About the significance of machine cognition


About the significance of machine cognition

Video Dragnet via AI soon a reality?

A dragnet investigation is an attempt to find a person or thing (such as a car) by defining a certain area and the physical aspects of the person or thing sought and systematically checking every matching person/thing one comes across.

And everyone remembers the 1987 film by the same name, right? Right?

If you've ever been in the UK, you'll know that they are - depending on the city you're in - probably the most videotaped people on the planet. Any public place, even in smaller outskirts of London, for example, have cameras pointing every which way. Makes you wonder just how many sit behind the monitors that all this video signal feeds into.

And while AI systems can do incredible things in identifying people by their faces (see
this article from 2016), it is one thing to identify a stationary face nearly filling the available camera resolution. It is another, to identify a "perp" that walks tangentially to a video camera, maybe wearing a hat that shades part of the face.

Image classification tasks, when performed via neural nets, tend to require a huge amount of training data. This makes sense, after all we're talking about recognition of a matrix that may be 4 Megapixel and in color (at least 16, possibly 24 bits per pixel) - you do the math! And a huge learning set means hundreds or thousands of person-hours of manual tagging.

A method, invented by Ian Goodfellow during a discussion over beers in a bar, makes this huge learning set go away. The method is called "generative adversarial networks". In essence, the setup involves at least two AI systems that "play" against another. One AI (or set of AI) is called the "generative" side and the opposing AI is the "discriminative" side. With a basic training set in place, the generative side is triggered to produce pictures of birds, for example. To get the game going, the discriminator is presented with random images from the generator (bad) and real images that fit the training set (good). I.e. in this case a binary classification.

There is a feedback from the discriminator to the generator wether it classifies the picture as that of a bird. Award points are given, depending on which side "wins" each round. I.e. if the discriminator correctly identifies an images as incorrect, it gets a certain number of points. If the generator fools the discriminator, it gets the points. The goal of the game is, of course, to have the most points.

The method was introduced in 2014 and has taken the AI community like an Australian bushfire (you know - the one with the bushes that have oily bark). It is a simple and cheap method to introduce self-learning to AI systems, with minimal human intervention.

A lot has been done with the concept in the last three years, with one of the more
recent research papers by Hang Zan (et al) introducing stacked GANs, where self-learning of image generation is pushed to incredible new resolutions. Have a look at the paper for some really incredible, 256x256 pixel full-color images of birds that were generated from a text description.

Where am I going with this? Well, one of the tools used by police in dragnet operations - in the case of a person search - may be a facial composite, based on the description of a witness or victim. Putting together one of these images requires experts with long years of experience, despite the availability of software that assists in the process.

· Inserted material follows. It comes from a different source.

(* Let $M,K\ge 1$, $\mathcal K=\{1,\dots,K\}$, channels $\mathbf h_1,\dots,\mathbf h_K\in\mathbb C^{M}$, power budget $P>0$, weights $\mathbf u=(u_1,\dots,u_K)\in\mathbb R_{\ge 0}^K\setminus\{\mathbf 0\}$, $\mu\ge 0$, $P_c>0$ and rate thresholds $R_k^{th}\ge 0$ be given. For precoders $\mathbf p_c,\mathbf p_1,\dots,\mathbf p_K\in\mathbb C^M$ define $$\gamma_{c,k}=\frac{|\mathbf h_k^H\mathbf p_c|^2}{\sum_{j\in\mathcal K}|\mathbf h_k^H\mathbf p_j|^2+1},\qquad \gamma_{p,k}=\frac{|\mathbf h_k^H\mathbf p_k|^2}{\sum_{j\in\mathcal K\setminus\{k\}}|\mathbf h_k^H\mathbf p_j|^2+1},$$ and let $\Phi(\mathbf p,\mathbf c,\boldsymbol\gamma_p)=\dfrac{\sum_{k\in\mathcal K}u_k\big(C_k+\log(1+\gamma_{p,k})\big)}{\mu\big(\|\mathbf p_c\|^2+\sum_{k}\|\mathbf p_k\|^2\big)+P_c}$. Problem (A): maximize $\Phi$ over $\mathbf p_c,\mathbf p_1,\dots,\mathbf p_K$, $\mathbf c=(C_1,\dots,C_K)\in\mathbb R^K$, $\boldsymbol\gamma_c,\boldsymbol\gamma_p$ subject to: $\gamma_{c,k},\gamma_{p,k}$ given by the SINR formulas above; $\sum_{k'\in\mathcal K}C_{k'}\le\log(1+\gamma_{c,k})$ for all $k$; $C_k\ge\max\{0,R_k^{th}-\log(1+\gamma_{p,k})\}$ for all $k$; $\|\mathbf p_c\|^2+\sum_k\|\mathbf p_k\|^2\le P$. Problem (B): maximize $\Phi$ over $\mathbf p_c,\mathbf p_1,\dots,\mathbf p_K$, $\mathbf c\in\mathbb R^K$, $\boldsymbol\gamma_p\in\mathbb R_{\ge0}^K$, $s\ge 0$, $d_k\in\mathbb R$ and $e_k\in\mathbb C$ ($k=2,\dots,K$), subject to: (i) $\sqrt{\gamma_{p,k}}\big(\sum_{j\ne k}|\mathbf h_k^H\mathbf p_j|^2+1\big)^{1/2}\le \mathbf h_k^H\mathbf p_k$ for all $k$; (ii) $\sqrt{s}\big(\sum_{j\in\mathcal K}|\mathbf h_1^H\mathbf p_j|^2+1\big)^{1/2}\le\mathbf h_1^H\mathbf p_c$; (iii) $\sqrt{s}\big(\sum_{j\in\mathcal K}|\mathbf h_k^H\mathbf p_j|^2+1\big)^{1/2}\le d_k$ for all $k>1$; (iv) $d_k\le|e_k|$ for all $k>1$; (v) $\operatorname{Re}\{\mathbf h_k^H\mathbf p_k\}\ge 0$, $\operatorname{Im}\{\mathbf h_k^H\mathbf p_k\}=0$ for all $k$; (vi) $\operatorname{Re}\{\mathbf h_1^H\mathbf p_c\}\ge0$, $\operatorname{Im}\{\mathbf h_1^H\mathbf p_c\}=0$; (vii) $d_k\ge 0$ and $e_k=\mathbf h_k^H\mathbf p_c$ for all $k>1$; (viii) $\sum_{k}C_k\le\log(1+s)$; (ix) $C_k\ge\max\{0,R_k^{th}-\log(1+\gamma_{p,k})\}$ for all $k$, and $\|\mathbf p_c\|^2+\sum_k\|\mathbf p_k\|^2\le P$. (In (B), $\gamma_{p,k}$ is a free variable, not defined by the SINR formula.) Then problems (A) and (B) have the same optimal value, and for every optimal solution $(\mathbf p_c,\mathbf p_1,\dots,\mathbf p_K,\mathbf c,\boldsymbol\gamma_p,s,\mathbf d,\mathbf e)$ of (B), the precoders $(\mathbf p_c,\mathbf p_1,\dots,\mathbf p_K)$ together with $\mathbf c$ and the SINRs $\gamma_{c,k},\gamma_{p,k}$ computed from these precoders by the formulas above form an optimal solution of (A).
   Context: Rate-splitting downlink model: a base station with $M$ antennas serves $K$ single-antenna users with channels $\mathbf h_k$; $\mathbf p_c$ is the common-message precoder and $\mathbf p_k$ the private precoder of user $k$; $C_k$ is the portion of the common rate allocated to user $k$. Logarithms are base 2. Inequalities involving complex quantities such as $\mathbf h_k^H\mathbf p_k$ are meaningful because the constraints force these quantities to be real. *)

theory Defs
  imports "HOL-Analysis.Analysis"
begin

What if one could throw the textual description of a perpetrator, ideally from multiple witnesses, into a stacked GAN and have it spit out a selection of composites to use in the dragnet operation? And with many cities - especially in the UK - wired with high coverage for video surveillance, one could then use these images in another stacked GAN that analyzed them in comparison to still images from the video feed. Surely, this will require more
TPU-like power to do properly, but give it another 5 years and with Moore's law, we should be there.